You could try to get a Penn 704, they are old reels, but they will last. this summer i caught a 80 pound Tarpon using a 27 dollar 704 greenie i bought off ebay.


----------



## chainshaw (Sep 8, 2011)

I really like the Penn Sargus. You may be able to find a used one on Ebay for around $50. You will probably need a 5000 or bigger.


----------



## mesocollins (Sep 8, 2011)

Offshore Angler Sea Lion. If you're willing to exceed your budget by a small amount, go with the Penn Fierce. Both are extremely reliable reels for the price. The Fierce doesn't weigh as much as the Sea Lion, but I'd say they are pretty comparable.


----------



## yaknfish (Sep 8, 2011)

Dustin,
I want to catch blues and reds and whatever BIG is out there. I end up catching 14-16" sharks.
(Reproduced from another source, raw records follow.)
lemma sorted_split_at:
  assumes "sorted (map f xs)"
  shows "xs = filter (\<lambda>x. f x < r) xs @ filter (\<lambda>x. f x = r) xs @ filter (\<lambda>x. r < f x) xs"
  using assms
proof (induction xs)
  case (Cons x xs)
  then have IH: "xs = filter (\<lambda>x. f x < r) xs @ filter (\<lambda>x. f x = r) xs @ filter (\<lambda>x. r < f x) xs"
    and above: "\<forall>y\<in>set xs. f x \<le> f y"
    by auto
  consider "f x < r" | "f x = r" | "r < f x"
    using less_linear by blast
  then show ?case
  proof cases
    case 1
    then have "f x \<noteq> r" "\<not> r < f x"
      using less_not_sym[OF 1] by auto
    then show ?thesis
      using IH 1 by simp
  next
    case 2
    then have "filter (\<lambda>x. f x < r) xs = []"
      using above by (auto simp: filter_empty_conv)
    then show ?thesis
      using IH 2 by simp
  next
    case 3
    then have "filter (\<lambda>x. f x < r) xs = []" "filter (\<lambda>x. f x = r) xs = []"
      using above by (auto simp: filter_empty_conv)
    moreover have "\<not> f x < r" "f x \<noteq> r"
      using less_not_sym[OF 3] 3 by auto
    ultimately show ?thesis
      using IH 3 by simp
  qed
qed simp

lemma count_list_replicate: "count_list (replicate k r) x = (if r = x then k else 0)"
  by (induction k) auto

lemma mset_concat_replicate_count_list:
  assumes "distinct R" "set ts \<subseteq> set R"
  shows "mset (concat (map (\<lambda>r. replicate (count_list ts r) r) R)) = mset ts"
proof (rule multiset_eqI)
  fix x
  have "count (mset (concat (map (\<lambda>r. replicate (count_list ts r) r) R))) x
      = sum_list (map (\<lambda>r. count_list (replicate (count_list ts r) r) x) R)"
    unfolding count_mset count_list_concat by (simp add: o_def)
  also have "\<dots> = (\<Sum>r\<in>set R. count_list (replicate (count_list ts r) r) x)"
    using assms(1) by (rule sum_list_distinct_conv_sum_set)
  also have "\<dots> = (\<Sum>r\<in>set R. if r = x then count_list ts x else 0)"
    by (rule sum.cong) (auto simp: count_list_replicate)
  also have "\<dots> = count (mset ts) x"
    using assms(2) by (auto simp: count_mset count_list_0_iff)
  finally show "count (mset (concat (map (\<lambda>r. replicate (count_list ts r) r) R))) x = count (mset ts) x" .
qed

lemma sum_list_count_list:
  assumes "distinct R" "set ts \<subseteq> set R"
  shows "sum_list (map (count_list ts) R) = length ts"
proof -
  have "size (mset (concat (map (\<lambda>r. replicate (count_list ts r) r) R))) = size (mset ts)"
    using mset_concat_replicate_count_list[OF assms] by simp
  then show ?thesis
    by (simp add: length_concat o_def)
qed

lemma ortho_point_count_list:
  assumes "sorted ts" "set ts \<subseteq> {0..1}"
  shows "ortho_point (count_list ts) = ts"
proof -
  define R where "R = sorted_list_of_set (set ts)"
  have support: "{r. 0 \<le> r \<and> r \<le> 1 \<and> count_list ts r \<noteq> 0} = set R"
    using assms(2) unfolding R_def by (auto simp: count_list_0_iff)
  have "mset (concat (map (\<lambda>r. replicate (count_list ts r) r) R)) = mset ts"
    by (rule mset_concat_replicate_count_list) (simp_all add: R_def)
  then show ?thesis
    unfolding ortho_point_def support R_def using properties_for_sort[OF _ assms(1)] by simp
qed

lemma zip_concat_map:
  "(\<And>i. i \<in> set I \<Longrightarrow> length (as i) = length (bs i))
    \<Longrightarrow> zip (concat (map as I)) (concat (map bs I)) = concat (map (\<lambda>i. zip (as i) (bs i)) I)"
  by (induction I) auto

lemma zip_padded:
  assumes len: "length xs = k + 2"
  shows "zip xs (a # map s [1..<k+1] @ [b])
    = [(xs ! 0, a)] @ map (\<lambda>i. (xs ! i, s i)) [1..<k+1] @ [(xs ! (k + 1), b)]"
proof -
  define I where "I = [1..<k+1]"
  have "[0..<k+2] = [0] @ I @ [k+1]"
    unfolding I_def by (simp add: upt_conv_Cons)
  then have xs_eq: "[xs ! 0] @ map (\<lambda>i. xs ! i) I @ [xs ! (k + 1)] = xs"
    using map_nth[of xs] len by (metis map_append list.simps(8,9))
  have "zip (map (\<lambda>i. xs ! i) J) (map s J) = map (\<lambda>i. (xs ! i, s i)) J" for J :: "nat list"
    by (induction J) auto
  then have "zip ([xs ! 0] @ map (\<lambda>i. xs ! i) I @ [xs ! (k + 1)]) (a # map s I @ [b])
      = [(xs ! 0, a)] @ map (\<lambda>i. (xs ! i, s i)) I @ [(xs ! (k + 1), b)]"
    by simp
  then show ?thesis
    unfolding xs_eq by (simp only: I_def)
qed

lemma map_nth_pairs_eq_zip:
  "length ys = length xs \<Longrightarrow> map (\<lambda>i. (xs ! i, ys ! i)) [0..<length xs] = zip xs ys"
  by (rule nth_equalityI) auto

lemma filter_eq_distinct: "distinct xs \<Longrightarrow> filter (\<lambda>y. y = x) xs = (if x \<in> set xs then [x] else [])"
  by (induction xs) (auto simp: filter_empty_conv)

lemma sorted_concat_replicate:
  "sorted (map f I) \<Longrightarrow> sorted (concat (map (\<lambda>i. replicate (c i) (f i)) I))"
  by (induction I) (auto simp: sorted_append)

lemma concat_filter_keys:
  assumes "sorted R" "distinct R" "set (map f L) \<subseteq> set R" "sorted (map f L)"
  shows "concat (map (\<lambda>r. filter (\<lambda>p. f p = r) L) R) = L"
  using assms
proof (induction R arbitrary: L)
  case (Cons r R)
  have above: "\<forall>q\<in>set R. r < q"
    using Cons.prems(1,2) by (auto simp: less_le)
  have "r \<le> f p" if "p \<in> set L" for p
    using Cons.prems(3) above that by fastforce
  then have "filter (\<lambda>p. f p < r) L = []"
    by (auto simp: filter_empty_conv not_less)
  then have split: "L = filter (\<lambda>p. f p = r) L @ filter (\<lambda>p. r < f p) L"
    using sorted_split_at[OF Cons.prems(4), of r] by simp
  have same: "filter (\<lambda>p. f p = q) L = filter (\<lambda>p. f p = q) (filter (\<lambda>p. r < f p) L)"
    if "q \<in> set R" for q
    using above that by (subst split) (auto simp: filter_empty_conv)
  have "concat (map (\<lambda>q. filter (\<lambda>p. f p = q) L) R)
      = concat (map (\<lambda>q. filter (\<lambda>p. f p = q) (filter (\<lambda>p. r < f p) L)) R)"
    by (intro arg_cong[where f = concat] map_cong refl same)
  also have "\<dots> = filter (\<lambda>p. r < f p) L"
    by (rule Cons.IH) (use Cons.prems in \<open>auto simp: sorted_filter\<close>)
  finally show ?case
    using split by simp
qed simp

lemma sorted_padded_times:
  fixes s :: "nat \<Rightarrow> real"
  assumes ends: "0 < k \<longrightarrow> 0 \<le> s 1 \<and> s k \<le> 1" and steps: "\<forall>i. 1 \<le> i \<and> i < k \<longrightarrow> s i \<le> s (Suc i)"
  shows "sorted (0 # map s [1..<k+1] @ [1]) \<and> set (0 # map s [1..<k+1] @ [1]) \<subseteq> {0..1}"
proof -
  have mono: "s i \<le> s j" if "1 \<le> i" "i \<le> j" "j \<le> k" for i j
    using that
  proof (induction j)
    case (Suc j)
    then show ?case
      using steps by (cases "i = Suc j") (auto intro: order_trans)
  qed simp
  have "sorted (map s [1..<k+1])"
    unfolding sorted_map by (rule sorted_wrt_mono_rel[OF _ sorted_wrt_upt]) (auto intro: mono)
  moreover have "0 \<le> s i \<and> s i \<le> 1" if "1 \<le> i" "i \<le> k" for i
    using mono[of 1 i] mono[of i k] ends that by auto
  ultimately show ?thesis
    by (auto simp: sorted_append)
qed
lemma length_reduce_snoc: "length (reduce_snoc E r a) =
    (if cancels E r a then length r - 1 else length r + 1)"
proof (cases "cancels E r a")
  case True then show ?thesis using reduce_snoc_cancels[OF True] by auto
qed (simp add: reduce_snoc_no_cancel)

lemma length_foldl_reduce: "length (foldl (reduce_snoc E) r w) \<le> length r + length w \<and>
   (length (foldl (reduce_snoc E) r w) = length r + length w \<longrightarrow> foldl (reduce_snoc E) r w = r @ w)"
proof (induct w arbitrary: r)
  case Nil then show ?case by simp
next
  case (Cons a w)
  show ?case
  proof (cases "cancels E r a")
    case True
    then have "length (reduce_snoc E r a) = length r - 1" "length r > 0"
      using reduce_snoc_cancels[OF True] length_reduce_snoc by auto
    then show ?thesis using Cons[of "reduce_snoc E r a"] by auto
  next
    case False
    then show ?thesis using Cons[of "r @ [a]"] by (simp add: reduce_snoc_no_cancel)
  qed
qed

lemma length_pc_nf_le: "length (pc_nf E w) \<le> length w"
  using length_foldl_reduce[of "[]" w] unfolding pc_nf_def by simp

lemma pc_nf_eq_if_length_eq: "length (pc_nf E w) = length w \<Longrightarrow> pc_nf E w = w"
  using length_foldl_reduce[of "[]" w] unfolding pc_nf_def by simp
text \<open>The weight \<^term>\<open>min_abs_Rk n y\<close> vanishes wherever the sign pattern of y changes, which
  makes this map Lipschitz although \<^term>\<open>sign_vec n\<close> is discontinuous.\<close>

lemma lipschitz_sign_pattern_map:
  fixes q :: "(nat \<Rightarrow> real) \<Rightarrow> 'a::real_normed_vector"
  assumes \<gamma>: "\<gamma> \<ge> 0" and q: "\<And>v. norm (q v) \<le> \<gamma>"
  shows "norm ((g + min_abs_Rk n y *\<^sub>R q (sign_vec n y)) - (g + min_abs_Rk n y' *\<^sub>R q (sign_vec n y')))
           \<le> \<gamma> * sup_norm_Rk n (\<lambda>i. y i - y' i)"
proof (cases "sign_vec n y = sign_vec n y'")
  case True
  have "norm ((g + min_abs_Rk n y *\<^sub>R q (sign_vec n y)) - (g + min_abs_Rk n y' *\<^sub>R q (sign_vec n y')))
      = \<bar>min_abs_Rk n y - min_abs_Rk n y'\<bar> * norm (q (sign_vec n y))"
    by (simp add: True flip: scaleR_diff_left)
  also have "\<dots> \<le> sup_norm_Rk n (\<lambda>i. y i - y' i) * \<gamma>"
    using min_abs_Rk_lipschitz[OF n_pos, of y y'] q by (intro mult_mono) auto
  finally show ?thesis by (simp add: mult.commute)
next
  case False
  then obtain i where i: "i < n" "(y i < 0) \<noteq> (y' i < 0)"
    by (auto simp: sign_vec_def fun_eq_iff split: if_splits)
  have m: "0 \<le> min_abs_Rk n y" "min_abs_Rk n y \<le> \<bar>y i\<bar>" "0 \<le> min_abs_Rk n y'" "min_abs_Rk n y' \<le> \<bar>y' i\<bar>"
    using min_abs_Rk_nonneg[OF n_pos] min_abs_Rk_le[OF n_pos i(1)] by auto
  have "norm ((g + min_abs_Rk n y *\<^sub>R q (sign_vec n y)) - (g + min_abs_Rk n y' *\<^sub>R q (sign_vec n y')))
      \<le> min_abs_Rk n y * norm (q (sign_vec n y)) + min_abs_Rk n y' * norm (q (sign_vec n y'))"
    using norm_triangle_ineq4[of "min_abs_Rk n y *\<^sub>R q (sign_vec n y)" "min_abs_Rk n y' *\<^sub>R q (sign_vec n y')"] m
    by simp
  also have "\<dots> \<le> (\<bar>y i\<bar> + \<bar>y' i\<bar>) * \<gamma>"
    unfolding distrib_right by (intro add_mono mult_mono) (use m q \<gamma> in auto)
  also have "\<bar>y i\<bar> + \<bar>y' i\<bar> = \<bar>y i - y' i\<bar>" using i(2) by auto
  also have "\<bar>y i - y' i\<bar> * \<gamma> \<le> \<gamma> * sup_norm_Rk n (\<lambda>i. y i - y' i)"
    using abs_le_sup_norm_Rk[OF n_pos i(1), of "\<lambda>i. y i - y' i"] \<gamma> by (simp add: mult.commute mult_left_mono)
  finally show ?thesis .
qed

lemma lipschitz_map_through_points:
  fixes P :: "'a::real_normed_vector set"
  assumes \<gamma>: "\<gamma> \<ge> 0" and P: "finite P" "card P \<le> 2 ^ n" "\<And>p. p \<in> P \<Longrightarrow> norm (p - g) \<le> \<gamma>"
  obtains \<Phi> where "lipschitz_on_unit_ball_Rk \<gamma> n (sup_norm_Rk n) \<Phi>"
    "P \<subseteq> \<Phi> ` unit_ball_Rk n (sup_norm_Rk n)"
proof -
  have "card P \<le> card (sign_vectors n)" using P(2) card_sign_vectors by simp
  then obtain h where h: "h ` P \<subseteq> sign_vectors n" "inj_on h P"
    using card_le_inj[OF P(1) finite_sign_vectors] by blast
  define q where "q v = (if v \<in> h ` P then the_inv_into P h v - g else 0)" for v
  have q: "norm (q v) \<le> \<gamma>" for v
    using P(3) h(2) \<gamma> by (auto simp: q_def the_inv_into_f_f)
  define \<Phi> where "\<Phi> y = g + min_abs_Rk n y *\<^sub>R q (sign_vec n y)" for y
  have "lipschitz_on_unit_ball_Rk \<gamma> n (sup_norm_Rk n) \<Phi>"
    unfolding lipschitz_on_unit_ball_Rk_def \<Phi>_def using lipschitz_sign_pattern_map[where q = q, OF \<gamma> q] by blast
  moreover have "p = \<Phi> (h p)" if "p \<in> P" for p
  proof -
    have "h p \<in> sign_vectors n" using h(1) that by blast
    moreover have "q (h p) = p - g" using that h(2) by (simp add: q_def the_inv_into_f_f)
    ultimately show ?thesis by (simp add: \<Phi>_def sign_vec_sign_vector min_abs_Rk_sign_vector)
  qed
  then have "P \<subseteq> \<Phi> ` unit_ball_Rk n (sup_norm_Rk n)" using h(1) sign_vectors_subset_unit_ball by blast
  ultimately show ?thesis by (rule that)
qed

end

lemma lipschitz_width_le_of_points:
  fixes K :: "'a::real_normed_vector set"
  assumes K: "bounded K" and n: "n \<ge> 1" and \<gamma>: "\<gamma> \<ge> 0" and r: "r \<ge> 0"
    and P: "finite P" "card P \<le> 2 ^ n" "\<And>p. p \<in> P \<Longrightarrow> norm (p - g) \<le> \<gamma>"
    and approx: "\<And>f. f \<in> K \<Longrightarrow> \<exists>p\<in>P. norm (f - p) \<le> r"
  shows "lipschitz_width \<gamma> K n \<le> r"
proof -
  obtain \<Phi> where \<Phi>: "lipschitz_on_unit_ball_Rk \<gamma> n (sup_norm_Rk n) \<Phi>"
    "P \<subseteq> \<Phi> ` unit_ball_Rk n (sup_norm_Rk n)"
    using lipschitz_map_through_points[OF n \<gamma> P] by blast
  show ?thesis
  proof (rule lipschitz_width_le[OF K \<gamma> n order.refl is_norm_sup_norm_Rk[OF n] \<Phi>(1) r])
    fix f assume "f \<in> K"
    then obtain p where "p \<in> P" "norm (f - p) \<le> r" using approx by blast
    then show "\<exists>y\<in>unit_ball_Rk n (sup_norm_Rk n). norm (f - \<Phi> y) \<le> r" using \<Phi>(2) by blast
  qed
qed

lemma norm_shrink_le:
  fixes v :: "'a::real_normed_vector"
  assumes "r > 0" "\<gamma> \<ge> 0" "norm v \<le> 2 * r"
  shows "norm (min 1 (\<gamma> / (2 * r)) *\<^sub>R v) \<le> \<gamma>"
proof -
  have "min 1 (\<gamma> / (2 * r)) * norm v \<le> \<gamma> / (2 * r) * (2 * r)"
    using assms by (intro mult_mono) auto
  then show ?thesis using assms by simp
qed

text \<open>Shrinking c towards g by t, which keeps it within distance \<gamma> of g, costs at most \<eta> since
  \<gamma> \<ge> 2 (r - \<eta>).\<close>

lemma norm_diff_shrunk_center_le:
  fixes f g c :: "'a::real_normed_vector"
  assumes r: "r > 0" and \<gamma>: "\<gamma> \<ge> 0" "\<gamma> \<ge> 2 * (r - \<eta>)" and \<eta>: "\<eta> > 0" and eps: "eps \<ge> 0"
    and fg: "norm (f - g) \<le> r" and fc: "norm (f - c) \<le> eps"
  defines "t \<equiv> min 1 (\<gamma> / (2 * r))"
  shows "norm (f - (g + t *\<^sub>R (c - g))) \<le> eps + \<eta>"
proof -
  have t: "0 \<le> t" "t \<le> 1" using r \<gamma> by (auto simp: t_def)
  have "f - (g + t *\<^sub>R (c - g)) = (1 - t) *\<^sub>R (f - g) + t *\<^sub>R (f - c)" by (simp add: algebra_simps)
  then have "norm (f - (g + t *\<^sub>R (c - g))) \<le> (1 - t) * norm (f - g) + t * norm (f - c)"
    using norm_triangle_ineq[of "(1 - t) *\<^sub>R (f - g)" "t *\<^sub>R (f - c)"] t by simp
  also have "\<dots> \<le> (1 - t) * r + t * eps" using fg fc t by (intro add_mono mult_left_mono) auto
  also have "\<dots> \<le> eps + \<eta>"
  proof (cases "t = 1")
    case False
    then have "t = \<gamma> / (2 * r)" by (auto simp: t_def min_def split: if_splits)
    then have "(1 - t) * r \<le> \<eta>" using r \<gamma> by (simp add: field_simps)
    moreover have "t * eps \<le> eps" using t eps by (simp add: mult_left_le_one_le)
    ultimately show ?thesis by linarith
  qed (use \<eta> in simp)
  finally show ?thesis .
qed

lemma lipschitz_width_le_cover_radius:
  fixes K :: "'a::real_normed_vector set"
  assumes K: "bounded K" and n: "n \<ge> 1" and \<gamma>: "\<gamma> \<ge> 2 * rad K" and eps: "eps > 0"
    and S: "finite S" "card S \<le> 2 ^ n" "K \<subseteq> (\<Union>c\<in>S. cball c eps)" and \<eta>: "\<eta> > 0"
  shows "lipschitz_width \<gamma> K n \<le> eps + \<eta>"
proof -
  have \<gamma>0: "\<gamma> \<ge> 0" using rad_nonneg[OF K] \<gamma> by linarith
  obtain g where g: "\<And>f. f \<in> K \<Longrightarrow> norm (f - g) \<le> rad K + \<eta>"
    using exists_center_within_rad[OF K \<eta>] by blast
  define r where "r = rad K + \<eta>"
  have r: "r > 0" using rad_nonneg[OF K] \<eta> by (simp add: r_def)
  have nonneg: "0 \<le> eps + \<eta>" using eps \<eta> by simp
  show ?thesis
  proof (cases "eps < r")
    case False
    then have "norm (f - g) \<le> eps + \<eta>" if "f \<in> K" for f using g[OF that] \<eta> by (simp add: r_def)
    then show ?thesis
      using \<gamma>0 by (intro lipschitz_width_le_of_points[OF K n \<gamma>0 nonneg, where P = "{g}" and g = g]) auto
  next
    case True
    define t where "t = min 1 (\<gamma> / (2 * r))"
    define S' where "S' = {c \<in> S. \<exists>f\<in>K. norm (f - c) \<le> eps}"
    define P where "P = (\<lambda>c. g + t *\<^sub>R (c - g)) ` S'"
    have S': "S' \<subseteq> S" unfolding S'_def by blast
    then have "finite S'" using S(1) by (rule finite_subset)
    have "finite P" unfolding P_def using \<open>finite S'\<close> by (rule finite_imageI)
    have "card P \<le> card S'" unfolding P_def using \<open>finite S'\<close> by (rule card_image_le)
    then have "card P \<le> 2 ^ n" using card_mono[OF S(1) S'] S(2) by linarith
    have near: "norm (p - g) \<le> \<gamma>" if p: "p \<in> P" for p
    proof -
      obtain c f where c: "p = g + t *\<^sub>R (c - g)" "f \<in> K" "norm (f - c) \<le> eps"
        using p unfolding P_def S'_def by blast
      have "norm (c - g) \<le> norm (f - g) + norm (f - c)"
        using norm_triangle_ineq4[of "f - g" "f - c"] by simp
      then have "norm (c - g) \<le> 2 * r" using g[OF c(2)] c(3) True by (simp add: r_def)
      then show ?thesis using norm_shrink_le[OF r \<gamma>0] by (simp add: c(1) t_def)
    qed
    have approx: "\<exists>p\<in>P. norm (f - p) \<le> eps + \<eta>" if f: "f \<in> K" for f
    proof -
      obtain c where c: "c \<in> S" "f \<in> cball c eps" using S(3) f by blast
      then have "norm (f - c) \<le> eps" by (simp add: dist_norm norm_minus_commute)
      then have "g + t *\<^sub>R (c - g) \<in> P" using c(1) f unfolding P_def S'_def by blast
      moreover have "\<gamma> \<ge> 2 * (r - \<eta>)" "eps \<ge> 0" using \<gamma> eps by (simp_all add: r_def)
      then have "norm (f - (g + t *\<^sub>R (c - g))) \<le> eps + \<eta>"
        unfolding t_def using \<open>norm (f - c) \<le> eps\<close> g[OF f, folded r_def]
        by (intro norm_diff_shrunk_center_le[OF r \<gamma>0 _ \<eta>])
      ultimately show ?thesis by blast
    qed
    show ?thesis
      by (rule lipschitz_width_le_of_points[OF K n \<gamma>0 nonneg \<open>finite P\<close> \<open>card P \<le> 2 ^ n\<close> near approx])
  qed
qed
But the appeal of fishing is the anticipation of what you might catch, right?


----------



## yaknfish (Sep 8, 2011)

I was at the Bass Pro Outlet in Macon last Sunday. They had a few Penn Fierces, but the biggest was a 5000 or so. Looked a little small. The Cat Max looked about the right size (and was priced right) but I wasn't sure how it'd hold up to the salt. 

And, I was a little leery of buying a "refurb", when there was a whole shelf of the same reel.


----------



## Dustin Pate (Sep 8, 2011)

If the rod is indeed a 9 foot then I would go with a 4000-5000 model reel (most manufacturers). Okuma makes some good reels in that size frame that won't break the bank. Just for reference, I have a Shimano Stradic 5000 that I have loaded with either 10lb mono or 30/8 braid depending on what I am fishing for. I have caught kings all the way down to trout and never felt under powered. I try to get away with the lightest reel possible to get a better fight and just for comfort.


----------



## mesocollins (Sep 8, 2011)

The refurbs are actually in great condition. They are generally store returns. The shop replaces the broken part/parts and puts it on the shelf at around a %40 discount. The reel is normally in a slightly used condition the same as a reel we've used for a couple months. It's a very good deal, but you can normally get a new reel for near the same price during sales and promotional offers. If you don't feel like waiting for a promotion, pick up a refurb and you won't be disappointed. 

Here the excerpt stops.